Task to carry out ->
Please copy each line of the data that includes the string "False".

··· Task input ···

lemma subsp_finite_spanning_set:
  assumes U: "subsp N (U :: 'k::field vec set)"
  shows "\<exists>F. finite F \<and> F \<subseteq> U \<and> vsp.span F = U"
proof -
  obtain Bs where Bs: "Bs \<subseteq> U" "vsp.independent Bs" "U \<subseteq> vsp.span Bs" "card Bs = vsp.dim U"
    by (rule vsp.basis_exists[of U])
  have UV: "U \<subseteq> V N" using U by (simp add: subsp_def)
  have "Bs \<subseteq> vsp.span (unit_vec ` {..<N})" using Bs(1) UV V_subset_span_unit_vecs[of N] by blast
  from vsp.independent_span_bound[OF _ Bs(2) this] have "finite Bs" by simp
  moreover have "vsp.span Bs = U"
    using vsp.span_subspace[OF Bs(1) Bs(3) subsp_imp_subspace[OF U]] .
  ultimately show ?thesis using Bs(1) by blast
qed
section \<open>The bilinear form\<close>

lemma bform_add_left: "bform N B (u + v) w = bform N B u w + bform N B v w"
  by (simp add: bform_def algebra_simps sum.distrib)
lemma bform_add_right: "bform N B w (u + v) = bform N B w u + bform N B w v"
  by (simp add: bform_def algebra_simps sum.distrib)
lemma bform_smul_left: "bform N B (vsmul c u) w = c * bform N B u w"
  by (simp add: bform_def vsmul_def sum_distrib_left algebra_simps)
lemma bform_smul_right: "bform N B w (vsmul c u) = c * bform N B w u"
  by (simp add: bform_def vsmul_def sum_distrib_left algebra_simps)
lemma bform_zero_left[simp]: "bform N B 0 w = 0" by (simp add: bform_def)
lemma bform_zero_right[simp]: "bform N B w 0 = 0" by (simp add: bform_def)
lemma bform_neg_left: "bform N B (- u) w = - bform N B u w"
  by (simp add: bform_def sum_negf)
lemma bform_neg_right: "bform N B w (- u) = - bform N B w u"
  by (simp add: bform_def sum_negf)
lemma bform_diff_left: "bform N B (u - v) w = bform N B u w - bform N B v w"
  using bform_add_left[of N B u "-v" w] bform_neg_left[of N B v w] by simp
lemma bform_diff_right: "bform N B w (u - v) = bform N B w u - bform N B w v"
  using bform_add_right[of N B w u "-v"] bform_neg_right[of N B w v] by simp

lemma bform_span_eq:
  assumes "\<forall>u\<in>U. bform N B k u = bform N B x u" "v \<in> vsp.span U"
  shows "bform N B k v = bform N B x v"
  using assms(2)
proof (induct rule: vsp.span_induct_alt)
  case base then show ?case by (simp add: bform_def)
next
  case (step c u y) then show ?case using assms(1) bform_add_right[of N B k "vsmul c u" y] bform_add_right[of N B x "vsmul c u" y]
    bform_smul_right[of N B k c u] bform_smul_right[of N B x c u] by (simp add: plus_fun_def)
qed

lemma bform_span_zero:
  assumes "\<forall>u\<in>U. bform N B k u = 0" "v \<in> vsp.span U"
  shows "bform N B k v = 0"
  using bform_span_eq[of U N B k 0 v] assms by simp

lemma bform_unit_vec:
  fixes B :: "nat \<Rightarrow> nat \<Rightarrow> 'k::comm_ring_1"
  assumes "i < N" "j < N" shows "bform N B (unit_vec i) (unit_vec j) = B i j"
proof -
  have pw: "unit_vec i a * B a b * unit_vec j b = (if a = i then (if b = j then B a b else 0) else 0)" for a b
    by (simp add: unit_vec_def)
  have inner: "(\<Sum>b<N. if a = i then (if b = j then B a b else 0) else 0) = (if a = i then B a j else 0)" for a
    using assms by (cases "a = i") (simp_all add: sum.delta)
  show ?thesis unfolding bform_def pw inner using assms by (simp add: sum.delta)
qed

lemma unit_vec_V: "i < N \<Longrightarrow> (unit_vec i :: 'k::comm_ring_1 vec) \<in> V N" by (simp add: unit_vec_def V_def)

lemma even_form_gram:
  fixes B :: "nat \<Rightarrow> nat \<Rightarrow> 'k::comm_ring_1"
  assumes even: "even_form N par B"
  shows "\<forall>i<N. \<forall>j<N. par i \<noteq> par j \<longrightarrow> B i j = 0"
proof (intro allI impI)
  fix i j assume ij: "i < N" "j < N" "par i \<noteq> par j"
  have "homog N par (par i) (unit_vec i :: 'k vec)" "homog N par (par j) (unit_vec j :: 'k vec)"
    using ij unit_vec_V[of i N, where 'k='k] unit_vec_V[of j N, where 'k='k] unfolding homog_def by (auto simp: unit_vec_def)
  then have "bform N B (unit_vec i) (unit_vec j) = 0" using even ij unfolding even_form_def by blast
  then show "B i j = 0" using bform_unit_vec ij by metis
qed

lemma perp_subsp: "subsp N (perp N B X)"
proof -
  have "vadd u w \<in> perp N B X" if "u \<in> perp N B X" "w \<in> perp N B X" for u w
    using that V_add[of u N w] bform_add_left[of N B u w] by (auto simp: perp_def vadd_eq)
  moreover have "vsmul c u \<in> perp N B X" if "u \<in> perp N B X" for u c
    using that V_smul[of u N c] bform_smul_left[of N B c u] by (auto simp: perp_def)
  moreover have "vzero \<in> perp N B X" using V_zero by (auto simp: perp_def vzero_eq)
  ultimately show ?thesis unfolding subsp_def perp_def by auto
qed

context
  fixes N :: nat and par :: "nat \<Rightarrow> bool" and B :: "nat \<Rightarrow> nat \<Rightarrow> 'k::field"
  assumes even: "even_form N par B" and skew: "superskew N par B"
begin

lemma bform_evpart_odpart: "x \<in> V N \<Longrightarrow> y \<in> V N \<Longrightarrow> bform N B (evpart par x) (odpart par y) = 0"
proof -
  assume "x \<in> V N" "y \<in> V N"
  then have "homog N par False (evpart par x)" "homog N par True (odpart par y)" by (auto intro: homog_evpart homog_odpart)
  then show ?thesis using even unfolding even_form_def by blast
qed
lemma bform_odpart_evpart: "x \<in> V N \<Longrightarrow> y \<in> V N \<Longrightarrow> bform N B (odpart par x) (evpart par y) = 0"
proof -
  assume "x \<in> V N" "y \<in> V N"
  then have "homog N par True (odpart par x)" "homog N par False (evpart par y)" by (auto intro: homog_evpart homog_odpart)
  then show ?thesis using even unfolding even_form_def by blast
qed

lemma bform_parity_split: "x \<in> V N \<Longrightarrow> y \<in> V N \<Longrightarrow>
  bform N B x y = bform N B (evpart par x) (evpart par y) + bform N B (odpart par x) (odpart par y)"
proof -
  assume xy: "x \<in> V N" "y \<in> V N"
  have "bform N B x y = bform N B (evpart par x + odpart par x) (evpart par y + odpart par y)"
    by (simp add: evpart_add_odpart)
  also have "\<dots> = bform N B (evpart par x) (evpart par y) + bform N B (odpart par x) (odpart par y)"
    using bform_evpart_odpart[OF xy] bform_odpart_evpart[OF xy] by (simp add: bform_add_left bform_add_right)
  finally show ?thesis .
qed

lemma bform_evpart_skew: "x \<in> V N \<Longrightarrow> y \<in> V N \<Longrightarrow>
  bform N B (evpart par x) (evpart par y) = - bform N B (evpart par y) (evpart par x)"
proof -
  assume "x \<in> V N" "y \<in> V N"
  then have "homog N par False (evpart par x)" "homog N par False (evpart par y)" by (auto intro: homog_evpart)
  then show ?thesis using skew[unfolded superskew_def, rule_format, of False "evpart par x" False "evpart par y"]
    by (simp add: sgn2_def)
qed
lemma bform_odpart_symm: "x \<in> V N \<Longrightarrow> y \<in> V N \<Longrightarrow>
  bform N B (odpart par x) (odpart par y) = bform N B (odpart par y) (odpart par x)"
proof -
  assume "x \<in> V N" "y \<in> V N"
  then have "homog N par True (odpart par x)" "homog N par True (odpart par y)" by (auto intro: homog_odpart)
  then show ?thesis using skew[unfolded superskew_def, rule_format, of True "odpart par x" True "odpart par y"]
    by (simp add: sgn2_def)
qed

lemma bform_evpart_left: "x \<in> V N \<Longrightarrow> y \<in> V N \<Longrightarrow> bform N B (evpart par x) y = bform N B (evpart par x) (evpart par y)"
  using bform_parity_split[of "evpart par x" y] V_evpart[of x N par] by simp
lemma bform_odpart_left: "x \<in> V N \<Longrightarrow> y \<in> V N \<Longrightarrow> bform N B (odpart par x) y = bform N B (odpart par x) (odpart par y)"
  using bform_parity_split[of "odpart par x" y] V_odpart[of x N par] by simp
lemma bform_evpart_right: "x \<in> V N \<Longrightarrow> y \<in> V N \<Longrightarrow> bform N B x (evpart par y) = bform N B (evpart par x) (evpart par y)"
  using bform_parity_split[of x "evpart par y"] V_evpart[of y N par] by simp
lemma bform_odpart_right: "x \<in> V N \<Longrightarrow> y \<in> V N \<Longrightarrow> bform N B x (odpart par y) = bform N B (odpart par x) (odpart par y)"
  using bform_parity_split[of x "odpart par y"] V_odpart[of y N par] by simp

lemma orth_graded_left_imp_right:
  assumes g: "graded N par X" and y: "y \<in> V N" and h: "\<forall>x\<in>X. bform N B x y = 0" and x: "x \<in> X"
  shows "bform N B y x = 0"
proof -
  have xV: "x \<in> V N" using graded_subset_V[OF g] x by auto
  have "bform N B (evpart par x) y = 0" using h graded_evpart[OF g x] by blast
  then have e: "bform N B (evpart par x) (evpart par y) = 0" using bform_evpart_left[OF xV y] by simp
  have "bform N B (odpart par x) y = 0" using h graded_odpart[OF g x] by blast
  then have o: "bform N B (odpart par x) (odpart par y) = 0" using bform_odpart_left[OF xV y] by simp
  show ?thesis using bform_parity_split[OF y xV] bform_evpart_skew[OF xV y] bform_odpart_symm[OF xV y] e o by simp
qed

lemma orth_graded_right_imp_left:
  assumes g: "graded N par X" and y: "y \<in> V N" and h: "\<forall>x\<in>X. bform N B y x = 0" and x: "x \<in> X"
  shows "bform N B x y = 0"
proof -
  have xV: "x \<in> V N" using graded_subset_V[OF g] x by auto
  have "bform N B y (evpart par x) = 0" using h graded_evpart[OF g x] by blast
  then have e: "bform N B (evpart par y) (evpart par x) = 0" using bform_evpart_right[OF y xV] by simp
  have "bform N B y (odpart par x) = 0" using h graded_odpart[OF g x] by blast
  then have o: "bform N B (odpart par y) (odpart par x) = 0" using bform_odpart_right[OF y xV] by simp
  show ?thesis using bform_parity_split[OF xV y] bform_evpart_skew[OF y xV] bform_odpart_symm[OF y xV] e o by simp
qed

···

Written response ->
  then have "homog N par False (evpart par x)" "homog N par True (odpart par y)" by (auto intro: homog_evpart homog_odpart)
  then have "homog N par True (odpart par x)" "homog N par False (evpart par y)" by (auto intro: homog_evpart homog_odpart)
  then have "homog N par False (evpart par x)" "homog N par False (evpart par y)" by (auto intro: homog_evpart)
  then show ?thesis using skew[unfolded superskew_def, rule_format, of False "evpart par x" False "evpart par y"]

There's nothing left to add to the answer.